- **What needs to be done**
The answer must be an exact reproduction of the lines from the start of the records below through the line containing "obtains x y", and nothing more.

- **Dataset**
lemma segments_with_common_neighbours_in:
  assumes "finite P" "9 \<le> card P" "U \<subseteq> seg_vertices P" "card (seg_vertices P - U) \<le> 3"
  obtains x y where "x \<in> U" "y \<in> U" "x \<noteq> y" "\<not> seg_disjoint x y"
    "\<And>w. w \<in> seg_vertices P \<Longrightarrow> seg_disjoint x w \<Longrightarrow> seg_disjoint w y \<Longrightarrow> w \<in> U"
proof -
  let ?hull = "\<lambda>e. convex hull e"
  have bij: "bij_betw ?hull (nsets P 2) (seg_vertices P)"
    by (rule bij_betw_convex_hull_seg_vertices)
  define W where "W = {e \<in> nsets P 2. convex hull e \<notin> U}"
  have W: "W \<subseteq> nsets P 2"
    unfolding W_def by blast
  have "?hull ` W = ?hull ` nsets P 2 - U"
    unfolding W_def by blast
  then have image_W: "?hull ` W = seg_vertices P - U"
    using bij_betw_imp_surj_on[OF bij] by simp
  have "card W = card (?hull ` W)"
    using card_image[OF inj_on_subset[OF bij_betw_imp_inj_on[OF bij] W]] by simp
  then obtain e f where ef: "e \<in> nsets P 2" "f \<in> nsets P 2" "e \<notin> W" "f \<notin> W" "e \<noteq> f"
      "e \<inter> f \<noteq> {}" and hit: "\<forall>w\<in>W. w \<inter> (e \<union> f) \<noteq> {}"
    using exists_hitting_pairs[OF assms(1,2) W] assms(4) unfolding image_W by auto
  show ?thesis
  proof
    show "convex hull e \<in> U" "convex hull f \<in> U"
      using ef(1-4) unfolding W_def by simp_all
    show "convex hull e \<noteq> convex hull f"
      using ef(5) inj_onD[OF bij_betw_imp_inj_on[OF bij] _ ef(1,2)] by blast
    have "e \<inter> f \<subseteq> convex hull e \<inter> convex hull f"
      using hull_subset[of e convex] hull_subset[of f convex] by blast
    then show "\<not> seg_disjoint (convex hull e) (convex hull f)"
      using ef(6) unfolding seg_disjoint_def by blast
  next
    fix w assume w: "w \<in> seg_vertices P" "seg_disjoint (convex hull e) w" "seg_disjoint w (convex hull f)"
    show "w \<in> U"
    proof (rule ccontr)
      assume "w \<notin> U"
      then have "w \<in> ?hull ` W"
        using w(1) unfolding image_W by blast
      then obtain g where "g \<in> W" "w = convex hull g"
        by blast
      then have "g \<inter> (e \<union> f) \<noteq> {}" "g \<inter> (e \<union> f) \<subseteq> w \<inter> (convex hull e \<union> convex hull f)"
        using hit hull_subset[of g convex] hull_subset[of e convex] hull_subset[of f convex] by auto
      then show False
        using w(2,3) unfolding seg_disjoint_def by blast
    qed
  qed
qed

lemma mu_seg_vertices_le:
  assumes "finite P" "9 \<le> card P"
    and "common_neighbours_in (seg_vertices P) seg_disjoint (seg_vertices P)"
  shows "mu (seg_vertices P) seg_disjoint + 4 \<le> card P choose 2"
proof (rule ccontr)
  let ?V = "seg_vertices P"
  assume contra: "\<not> ?thesis"
  obtain U where U: "mutual_visibility_set ?V seg_disjoint U" "card U = mu ?V seg_disjoint"
    using mu_attained[OF finite_seg_vertices[OF assms(1)]] by metis
  have UV: "U \<subseteq> ?V"
    using U(1) unfolding mutual_visibility_set_def by blast
  have "card (?V - U) \<le> 3"
    using contra U(2) card_seg_vertices[of P]
      card_Diff_subset[OF finite_subset[OF UV finite_seg_vertices[OF assms(1)]] UV] by linarith
  then obtain x y where xy: "x \<in> U" "y \<in> U" "x \<noteq> y" "\<not> seg_disjoint x y"
    and inside: "\<And>w. w \<in> ?V \<Longrightarrow> seg_disjoint x w \<Longrightarrow> seg_disjoint w y \<Longrightarrow> w \<in> U"
    using segments_with_common_neighbours_in[OF assms(1,2) UV] by blast
  obtain z where "z \<in> ?V" "seg_disjoint x z" "seg_disjoint z y"
    using assms(3) xy(1,2) UV unfolding common_neighbours_in_def by blast
  then have "\<not> mutually_visible ?V seg_disjoint U x y"
    using xy UV inside by (intro not_mutually_visible) auto
  then show False
    using U(1) xy unfolding mutual_visibility_set_def by blast
qed

theorem theorem4:
  shows "\<exists>N::nat. \<forall>P :: (real^2) set. finite P \<and> card P \<ge> N \<and> general_position P \<longrightarrow>
     int (card P choose 2) - 5 \<le> int (mu (seg_vertices P) seg_disjoint) \<and>
     int (mu (seg_vertices P) seg_disjoint) \<le> int (card P choose 2) - 4"
proof -
  obtain N where N: "\<forall>P. finite P \<and> N \<le> card P \<and> general_position P \<longrightarrow>
     (\<exists>W\<subseteq>seg_vertices P. card W = 5 \<and> common_neighbours_in (seg_vertices P) seg_disjoint W)"
    using ramsey_common_disjoint_segments by blast
  have "int (card P choose 2) - 5 \<le> int (mu (seg_vertices P) seg_disjoint) \<and>
     int (mu (seg_vertices P) seg_disjoint) \<le> int (card P choose 2) - 4"
    if P: "finite P" "max N 9 \<le> card P" "general_position P" for P :: "(real^2) set"
  proof -
    let ?V = "seg_vertices P"
    obtain W where W: "W \<subseteq> ?V" "card W = 5" "common_neighbours_in ?V seg_disjoint W"
      using N P by auto
    have "card ?V - 5 \<le> mu ?V seg_disjoint"
      using card_Diff_le_mu[OF finite_seg_vertices[OF P(1)] W(1,3)] W(2) by simp
    moreover have "5 \<le> card ?V"
      using card_mono[OF finite_seg_vertices[OF P(1)] W(1)] W(2) by simp
    moreover have "common_neighbours_in ?V seg_disjoint ?V"
      using W(1,3) unfolding common_neighbours_in_def by blast
    then have "mu ?V seg_disjoint + 4 \<le> card P choose 2"
      using P(2) by (intro mu_seg_vertices_le[OF P(1)]) simp_all
    ultimately show ?thesis
      unfolding card_seg_vertices by linarith
  qed
  then show ?thesis
    by blast
qed

end
text \<open>Hausdorff: two classes \<open>[r, x] \<noteq> [s, y]\<close> are either both represented in the
  copy \<open>\<iota>_s(X)\<close>, and are separated there, or \<open>x \<notin> X_{r\<inverse>s}\<close>, and then the open sets
  \<open>\<iota>_r(X - X_{r\<inverse>s})\<close> and \<open>\<iota>_s(X)\<close> are disjoint.\<close>
lemma Hausdorff_envelope:
  assumes "Hausdorff_space X"
  shows "Hausdorff_space E"
  unfolding Hausdorff_space_def
proof (intro allI impI)
  fix z1 z2 assume z: "z1 \<in> topspace E \<and> z2 \<in> topspace E \<and> z1 \<noteq> z2"
  obtain r x where r: "r \<in> carrier G" and x: "x \<in> topspace X" and z1: "z1 = incl r x"
    using z incl_cases by blast
  obtain s y where s: "s \<in> carrier G" and y: "y \<in> topspace X" and z2: "z2 = incl s y"
    using z incl_cases by blast
  show "\<exists>U V. openin E U \<and> openin E V \<and> z1 \<in> U \<and> z2 \<in> V \<and> disjnt U V"
  proof (cases "x \<in> Xd (inv r \<otimes> s)")
    case True
    define x' where "x' = h (inv s \<otimes> r) x"
    have "((r, x), (s, x')) \<in> R" unfolding x'_def using rel_intro r s True .
    then have x': "x' \<in> topspace X" by (simp add: rel_iff)
    have z1': "z1 = incl s x'" using incl_eq_iff[OF r x s x'] True z1 x'_def by simp
    then have "x' \<noteq> y" using z z2 by auto
    then obtain U V where UV: "openin X U" "openin X V" "x' \<in> U" "y \<in> V" "disjnt U V"
      using assms x' y unfolding Hausdorff_space_def by blast
    then have "disjnt (incl s ` U) (incl s ` V)"
      using incl_inj[OF s] openin_subset unfolding disjnt_def by blast
    then show ?thesis
      using openin_incl_image[OF s] UV z1' z2 by blast
  next
    case False
    have "disjnt (incl r ` (topspace X - Xd (inv r \<otimes> s))) (incl s ` topspace X)"
      using incl_eq_iff[OF r _ s] unfolding disjnt_def by blast
    moreover have "openin X (topspace X - Xd (inv r \<otimes> s))"
      using domain_closed r s by blast
    moreover have "z1 \<in> incl r ` (topspace X - Xd (inv r \<otimes> s))" "z2 \<in> incl s ` topspace X"
      using False x y z1 z2 by auto
    ultimately show ?thesis
      using openin_incl_image[OF r] openin_incl_image[OF s openin_topspace] by blast
  qed
qed
lemma card_open_packing_strong_isolated_Times_le:
  assumes H: "graph VH EH" and "finite VG" "I \<subseteq> VG"
    and S: "open_packing (strong_V VG VH) (strong_E VG EG VH EH) S"
  shows "card (S \<inter> (I \<times> del_iso_V VH EH))
           \<le> card I * (open_packing_number VH EH - card (isolated VH EH))"
proof (rule card_le_card_mult_fibre)
  have fin: "finite VH"
    using H unfolding graph_def by blast
  fix g
  let ?F = "{h. (g, h) \<in> S \<inter> (I \<times> del_iso_V VH EH)}"
  have "open_packing VH EH (?F \<union> isolated VH EH)"
    using open_packing_Un_isolated[OF open_packing_strong_fibre[OF H S, of g]]
    by (rule open_packing_subset) auto
  then have "card (?F \<union> isolated VH EH) \<le> open_packing_number VH EH"
    using fin by (rule card_le_open_packing_number[rotated])
  moreover have "finite ?F" "finite (isolated VH EH)" "?F \<inter> isolated VH EH = {}"
    using fin by (auto simp: del_iso_V_def isolated_def intro: finite_subset)
  ultimately show "card ?F \<le> open_packing_number VH EH - card (isolated VH EH)"
    by (simp add: card_Un_disjoint)
qed (use assms in \<open>auto simp: del_iso_V_def graph_def dest: finite_subset\<close>)

lemma open_packing_number_strong_le:
  fixes VG :: "'a set" and VH :: "'b set"
  assumes G: "graph VG EG" and H: "graph VH EH"
  defines "IG \<equiv> isolated VG EG" and "IH \<equiv> isolated VH EH"
  shows "real (open_packing_number (strong_V VG VH) (strong_E VG EG VH EH))
         \<le> real (packing_number (del_iso_V VG EG) (del_iso_E VG EG))
             * frac_dom (del_iso_V VH EH) (del_iso_E VH EH)
           + real (card IG) * real (open_packing_number VH EH)
           + real (card IH) * real (open_packing_number VG EG)
           - real (card IG) * real (card IH)"
proof -
  have fin: "finite VG" "finite VH"
    using G H unfolding graph_def by auto
  then obtain S where S: "open_packing (strong_V VG VH) (strong_E VG EG VH EH) S"
      "card S = open_packing_number (strong_V VG VH) (strong_E VG EG VH EH)"
    using open_packing_number_attained[of "strong_V VG VH"] by (auto simp: strong_V_def)
  have IV: "IG \<subseteq> VG" "IH \<subseteq> VH"
    unfolding IG_def IH_def isolated_def by auto
  define SA where "SA = S \<inter> (del_iso_V VG EG \<times> del_iso_V VH EH)"
  define SX where "SX = S \<inter> (VG \<times> IH)"
  define SY where "SY = S \<inter> (IG \<times> del_iso_V VH EH)"
  have "S \<subseteq> VG \<times> VH"
    using S(1) unfolding open_packing_def strong_V_def by blast
  then have "S = SA \<union> SX \<union> SY" "SA \<inter> SX = {}" "(SA \<union> SX) \<inter> SY = {}"
    and "finite SA" "finite SX" "finite SY"
    using fin unfolding SA_def SX_def SY_def
    by (auto simp: del_iso_V_def IG_def IH_def dest: finite_subset)
  then have "card S = card SA + card SX + card SY"
    by (metis card_Un_disjoint finite_UnI)
  moreover have "card IH \<le> open_packing_number VH EH"
    using open_packing_Un_isolated[of VH EH "{}"] fin(2)
    by (intro card_le_open_packing_number) (auto simp: IH_def open_packing_def)
  then have "card SY + card IG * card IH \<le> card IG * open_packing_number VH EH"
    using card_open_packing_strong_isolated_Times_le[OF H fin(1) IV(1) S(1)]
    unfolding SY_def IH_def diff_mult_distrib2 by (metis le_diff_conv2 mult_le_mono2)
  ultimately show ?thesis
    using S(2) card_open_packing_strong_del_iso_le[OF G H S(1), folded SA_def]
      card_open_packing_strong_Times_le[OF G fin(2) IV(2) S(1), folded SX_def]
    by (simp add: algebra_simps flip: of_nat_mult of_nat_add of_nat_le_iff)
qed

theorem mainTheorem11:
  fixes VG :: "'a set" and EG :: "'a \<Rightarrow> 'a \<Rightarrow> bool"
    and VH :: "'b set" and EH :: "'b \<Rightarrow> 'b \<Rightarrow> bool"
  assumes "graph VG EG" and "graph VH EH"
  defines "iG \<equiv> real (card (isolated VG EG))"
      and "iH \<equiv> real (card (isolated VH EH))"
  shows "(real (open_packing_number (strong_V VG VH) (strong_E VG EG VH EH)) \<ge>
           real (packing_number (del_iso_V VG EG) (del_iso_E VG EG))
             * real (packing_number (del_iso_V VH EH) (del_iso_E VH EH))
           + iG * real (open_packing_number VH EH) + iH * real (open_packing_number VG EG)
           - iG * iH) \<and>
         (real (open_packing_number (strong_V VG VH) (strong_E VG EG VH EH)) \<le>
           min (real (packing_number (del_iso_V VG EG) (del_iso_E VG EG))
                  * frac_dom (del_iso_V VH EH) (del_iso_E VH EH))
               (real (packing_number (del_iso_V VH EH) (del_iso_E VH EH))
                  * frac_dom (del_iso_V VG EG) (del_iso_E VG EG))
           + iG * real (open_packing_number VH EH) + iH * real (open_packing_number VG EG)
           - iG * iH)"
proof -
  note lower = open_packing_number_strong_ge[OF assms(1,2)]
  note upper = open_packing_number_strong_le[OF assms(1,2)]
  \<comment> \<open>instantiated, since as a rewrite rule the swap equation is permutative\<close>
  note upper_swapped = open_packing_number_strong_le[OF assms(2,1),
      unfolded open_packing_number_strong_swap[where VG = VG and VH = VH]]
  show ?thesis
    unfolding iG_def iH_def min_def using lower upper upper_swapped by (simp add: algebra_simps)
qed
theorem mainTheorem9:
  fixes eps :: real
  assumes "eps > 0"
  shows "(\<forall>(j::nat) (u::real \<Rightarrow> real \<Rightarrow> real) (v::real \<Rightarrow> real \<Rightarrow> real)
            (ut::real \<Rightarrow> real \<Rightarrow> real) (vt::real \<Rightarrow> real \<Rightarrow> real).
           (\<forall>t x. ((\<lambda>s. u s x) has_real_derivative ut t x) (at t)
                \<and> ((\<lambda>s. v s x) has_real_derivative vt t x) (at t)
                \<and> (\<forall>k::int. eps * (if k = 0 then ut t x
                                    else if k = -1 then exp (v t x) * vt t x else 0)
                       = dop_comm (dop_plus_part (Bop j)) laxL k (jet_of eps (u t) (v t) x)))
           \<longrightarrow> (\<forall>t x. ut t x = PB1_u eps (hdens j) (jet_of eps (u t) (v t) x)
                    \<and> vt t x = PB1_v eps (hdens j) (jet_of eps (u t) (v t) x)))
       \<and> (\<forall>(n::nat) (u::real \<Rightarrow> real) (v::real \<Rightarrow> real) (x::real). 1 \<le> n \<longrightarrow>
            PB2_u eps (hdens (n - 1)) (jet_of eps u v x) = real n * PB1_u eps (hdens n) (jet_of eps u v x)
          \<and> PB2_v eps (hdens (n - 1)) (jet_of eps u v x) = real n * PB1_v eps (hdens n) (jet_of eps u v x))"
proof (intro conjI allI impI)
  have eps: "eps \<noteq> 0" using assms by simp
  fix j u v ut vt t x
  assume flow: "\<forall>t x. ((\<lambda>s. u s x) has_real_derivative ut t x) (at t)
                \<and> ((\<lambda>s. v s x) has_real_derivative vt t x) (at t)
                \<and> (\<forall>k::int. eps * (if k = 0 then ut t x
                                    else if k = -1 then exp (v t x) * vt t x else 0)
                       = dop_comm (dop_plus_part (Bop j)) laxL k (jet_of eps (u t) (v t) x))"
  let ?J = "jet_of eps (u t) (v t) x"
  have v0: "snd ?J 0 = v t x" by (simp add: jet_of_def)
  have lax: "eps * (if k = 0 then ut t x else if k = -1 then exp (v t x) * vt t x else 0)
               = dop_comm (Bplus j) laxL k ?J" for k :: int
    using flow by blast
  have "eps * ut t x = eps * PB1_u eps (hdens j) ?J"
    using lax[of 0] commutator_coeff_0[OF eps, of j ?J] by simp
  then show "ut t x = PB1_u eps (hdens j) ?J" using eps by simp
  have "eps * (exp (v t x) * vt t x) = exp (v t x) * (eps * PB1_v eps (hdens j) ?J)"
    using lax[of "-1"] commutator_coeff_minus_1[OF eps, of j ?J] v0 by simp
  then show "vt t x = PB1_v eps (hdens j) ?J" using eps by simp
next
  have eps: "eps \<noteq> 0" using assms by simp
  fix n :: nat and u v :: "real \<Rightarrow> real" and x :: real
  assume "1 \<le> n"
  then obtain m where n: "n = Suc m" by (cases n) auto
  show "PB2_u eps (hdens (n - 1)) (jet_of eps u v x) = real n * PB1_u eps (hdens n) (jet_of eps u v x)"
    unfolding n using recursion_u[OF eps] by simp
  show "PB2_v eps (hdens (n - 1)) (jet_of eps u v x) = real n * PB1_v eps (hdens n) (jet_of eps u v x)"
    unfolding n using recursion_v[OF eps] by simp
qed
lemma csubspace_0: "csubspace M \<Longrightarrow> 0 \<in> M"
  by (simp add: csubspace_def)

lemma csubspace_add: "csubspace M \<Longrightarrow> a \<in> M \<Longrightarrow> b \<in> M \<Longrightarrow> a + b \<in> M"
  by (simp add: csubspace_def)

lemma csubspace_scaleC: "csubspace M \<Longrightarrow> a \<in> M \<Longrightarrow> scaleC c a \<in> M"
  by (simp add: csubspace_def)

lemma csubspace_scaleR: "csubspace M \<Longrightarrow> a \<in> M \<Longrightarrow> scaleR r a \<in> M"
  by (metis csubspace_scaleC scaleR_scaleC)

lemma csubspace_diff: "csubspace M \<Longrightarrow> a \<in> M \<Longrightarrow> b \<in> M \<Longrightarrow> a - b \<in> M"
  by (metis csubspace_add csubspace_scaleC scaleC_minus1_left diff_conv_add_uminus)

lemma norm_diff_le_of_infimum:
  fixes x :: "'a::complex_inner"
  assumes M: "csubspace M" and d: "0 \<le> d" "\<And>m. m \<in> M \<Longrightarrow> d \<le> norm (x - m)"
    and ab: "a \<in> M" "b \<in> M"
  shows "(norm (a - b))\<^sup>2 \<le> 2 * (norm (x - a))\<^sup>2 + 2 * (norm (x - b))\<^sup>2 - 4 * d\<^sup>2"
proof -
  \<comment> \<open>parallelogram law for \<open>x - a\<close>, \<open>x - b\<close>, bounding the middle term via the midpoint of \<open>a\<close>, \<open>b\<close>\<close>
  have "scaleR (1/2) (a + b) \<in> M" using M ab by (intro csubspace_scaleR csubspace_add)
  then have "2 * d \<le> 2 * norm (x - scaleR (1/2) (a + b))" using d(2) by simp
  also have "\<dots> = norm ((x - a) + (x - b))"
  proof -
    have "(x - a) + (x - b) = scaleR 2 (x - scaleR (1/2) (a + b))"
      by (simp add: algebra_simps scaleR_2)
    then show ?thesis by simp
  qed
  finally have "4 * d\<^sup>2 \<le> (norm ((x - a) + (x - b)))\<^sup>2"
    using d(1) power_mono[of "2 * d" _ 2] by (simp add: power_mult_distrib)
  moreover have "(x - a) - (x - b) = b - a" by simp
  ultimately show ?thesis
    using parallelogram_law[of "x - a" "x - b"] by (simp add: norm_minus_commute)
qed

lemma minimizing_sequence_Cauchy:
  fixes x :: "'a::complex_inner"
  assumes M: "csubspace M" and d: "0 \<le> d" "\<And>m. m \<in> M \<Longrightarrow> d \<le> norm (x - m)"
    and s: "\<And>n. s n \<in> M" and lim: "(\<lambda>n. norm (x - s n)) \<longlonglongrightarrow> d"
  shows "Cauchy s"
proof (rule CauchyI)
  fix \<epsilon> :: real
  assume "0 < \<epsilon>"
  define f where "f n = 2 * (norm (x - s n))\<^sup>2 - 2 * d\<^sup>2" for n
  have "f \<longlonglongrightarrow> 2 * d\<^sup>2 - 2 * d\<^sup>2"
    unfolding f_def by (intro tendsto_intros lim)
  moreover have "2 * d\<^sup>2 - 2 * d\<^sup>2 < \<epsilon>\<^sup>2 / 2" using \<open>0 < \<epsilon>\<close> by simp
  ultimately have "\<forall>\<^sub>F n in sequentially. f n < \<epsilon>\<^sup>2 / 2"
    by (rule order_tendstoD(2))
  then obtain N where N: "\<And>n. N \<le> n \<Longrightarrow> f n < \<epsilon>\<^sup>2 / 2"
    by (auto simp: eventually_sequentially)
  show "\<exists>N. \<forall>m\<ge>N. \<forall>n\<ge>N. norm (s m - s n) < \<epsilon>"
  proof (intro exI allI impI)
    fix m n
    assume "N \<le> m" "N \<le> n"
    then have "(norm (s m - s n))\<^sup>2 < \<epsilon>\<^sup>2"
      using norm_diff_le_of_infimum[OF M d s s, of m n] N[of m] N[of n] by (simp add: f_def)
    then show "norm (s m - s n) < \<epsilon>"
      using \<open>0 < \<epsilon>\<close> by (simp add: power_less_imp_less_base)
  qed
qed
lemma sum_Pow_insert:
  assumes "finite K" and "r \<notin> K"
  shows "sum f (Pow (insert r K)) = sum f (Pow K) + (\<Sum>S\<in>Pow K. f (insert r S))"
proof -
  have "inj_on (insert r) (Pow K)"
    using assms(2) by (auto simp: inj_on_def)
  moreover have "sum f (Pow (insert r K)) = sum f (Pow K) + sum f (insert r ` Pow K)"
    unfolding Pow_insert by (rule sum.union_disjoint) (use assms in auto)
  ultimately show ?thesis by (simp add: sum.reindex)
qed

lemma shapley_value_insert:
  assumes "finite N" and "i \<in> N" and "r \<notin> N"
  shows "shapley_value (insert r N) w i
       = (\<Sum>S\<in>Pow (N - {i}). shapley_weight (card N + 1) (card S) * (w (S \<union> {i}) - w S))
       + (\<Sum>S\<in>Pow (N - {i}).
            shapley_weight (card N + 1) (card S + 1) * (w (insert r S \<union> {i}) - w (insert r S)))"
proof -
  have "insert r N - {i} = insert r (N - {i})" "card (insert r N) = card N + 1"
    using assms by auto
  moreover have "card (insert r S) = card S + 1" if "S \<in> Pow (N - {i})" for S
  proof -
    have "finite S" "r \<notin> S"
      using that assms rev_finite_subset[of N S] by auto
    then show ?thesis by simp
  qed
  ultimately show ?thesis
    unfolding shapley_value_def using assms by (simp add: sum_Pow_insert)
qed

lemma sum_Pow_by_card:
  fixes d :: "'a set \<Rightarrow> 'b::semiring_0"
  assumes "finite K"
  shows "(\<Sum>T\<in>Pow K. g (card T) * d T)
       = (\<Sum>t\<le>card K. g t * (\<Sum>T | T \<subseteq> K \<and> card T = t. d T))"
proof -
  have "(\<Sum>T\<in>Pow K. g (card T) * d T)
      = (\<Sum>t\<le>card K. \<Sum>T | T \<in> Pow K \<and> card T = t. g (card T) * d T)"
    by (rule sum.group[symmetric]) (auto simp: assms card_mono)
  then show ?thesis
    by (simp add: sum_distrib_left)
qed

lemma sum_card_subsets_double_count:
  fixes d :: "'a set \<Rightarrow> real"
  assumes fin: "finite K"
    and mono: "\<And>T j. T \<subseteq> K \<Longrightarrow> j \<in> K - T \<Longrightarrow> d T \<le> d (insert j T)"
  shows "real (card K - t) * (\<Sum>T | T \<subseteq> K \<and> card T = t. d T)
       \<le> real (Suc t) * (\<Sum>U | U \<subseteq> K \<and> card U = Suc t. d U)"
proof -
  let ?A = "{T. T \<subseteq> K \<and> card T = t}" and ?B = "{U. U \<subseteq> K \<and> card U = Suc t}"
  have fin_subset: "finite T" if "T \<subseteq> K" for T
    using fin that finite_subset by blast
  have "real (card K - t) * sum d ?A = (\<Sum>T\<in>?A. \<Sum>j\<in>K - T. d T)"
    unfolding sum_distrib_left by (rule sum.cong) (auto simp: card_Diff_subset fin_subset)
  also have "\<dots> \<le> (\<Sum>T\<in>?A. \<Sum>j\<in>K - T. d (insert j T))"
    by (intro sum_mono) (auto intro: mono)
  also have "\<dots> = (\<Sum>(T, j)\<in>Sigma ?A (\<lambda>T. K - T). d (insert j T))"
    by (rule sum.Sigma) (use fin in auto)
  also have "\<dots> = (\<Sum>(U, j)\<in>Sigma ?B (\<lambda>U. U). d U)"
    \<comment> \<open>a \<open>t\<close>-set with an outside point is the same as a \<open>(t+1)\<close>-set with a marked point\<close>
    by (rule sum.reindex_bij_witness[where i="\<lambda>(U, j). (U - {j}, j)" and j="\<lambda>(T, j). (insert j T, j)"])
       (auto simp: fin_subset card_Diff_singleton)
  also have "\<dots> = (\<Sum>U\<in>?B. \<Sum>j\<in>U. d U)"
    by (rule sum.Sigma[symmetric]) (use fin fin_subset in auto)
  also have "\<dots> = real (Suc t) * sum d ?B"
    unfolding sum_distrib_left by (rule sum.cong) auto
  finally show ?thesis .
qed

definition subset_average :: "'a set \<Rightarrow> ('a set \<Rightarrow> real) \<Rightarrow> nat \<Rightarrow> real" where
  "subset_average K d t = (\<Sum>T | T \<subseteq> K \<and> card T = t. d T) / real (card K choose t)"

lemma subset_average_Suc_ge:
  fixes d :: "'a set \<Rightarrow> real"
  assumes fin: "finite K"
    and mono: "\<And>T j. T \<subseteq> K \<Longrightarrow> j \<in> K - T \<Longrightarrow> d T \<le> d (insert j T)"
    and t: "t < card K"
  shows "subset_average K d t \<le> subset_average K d (Suc t)"
proof -
  let ?n = "card K"
  let ?s = "\<lambda>t. \<Sum>T | T \<subseteq> K \<and> card T = t. d T"
  define Q where "Q = real (?n - t) * real (?n choose t)"
  have "Suc t * (?n choose Suc t) = (?n - t) * (?n choose t)"
    by (metis binomial_absorption binomial_absorb_comp)
  then have Q_Suc: "Q = real (Suc t) * real (?n choose Suc t)"
    unfolding Q_def by (metis of_nat_mult)
  have "Q > 0"
    using t unfolding Q_def by simp
  have "subset_average K d t = real (?n - t) * ?s t / Q"
    using t unfolding subset_average_def Q_def by simp
  also have "\<dots> \<le> real (Suc t) * ?s (Suc t) / Q"
    using fin mono \<open>Q > 0\<close>
    by (intro divide_right_mono sum_card_subsets_double_count) simp_all
  also have "\<dots> = subset_average K d (Suc t)"
    unfolding subset_average_def Q_Suc using \<open>Q > 0\<close> by simp
  finally show ?thesis .
qed

lemma subset_average_mono:
  fixes d :: "'a set \<Rightarrow> real"
  assumes fin: "finite K"
    and mono: "\<And>T j. T \<subseteq> K \<Longrightarrow> j \<in> K - T \<Longrightarrow> d T \<le> d (insert j T)"
    and "t \<le> u" "u \<le> card K"
  shows "subset_average K d t \<le> subset_average K d u"
  using assms(3,4)
proof (induction u rule: dec_induct)
  case (step m)
  then show ?case
    using subset_average_Suc_ge[OF fin mono, of m] by simp
qed simp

- **Response to this exercise**
lemma segments_with_common_neighbours_in:
  assumes "finite P" "9 \<le> card P" "U \<subseteq> seg_vertices P" "card (seg_vertices P - U) \<le> 3"
  obtains x y where "x \<in> U" "y \<in> U" "x \<noteq> y" "\<not> seg_disjoint x y"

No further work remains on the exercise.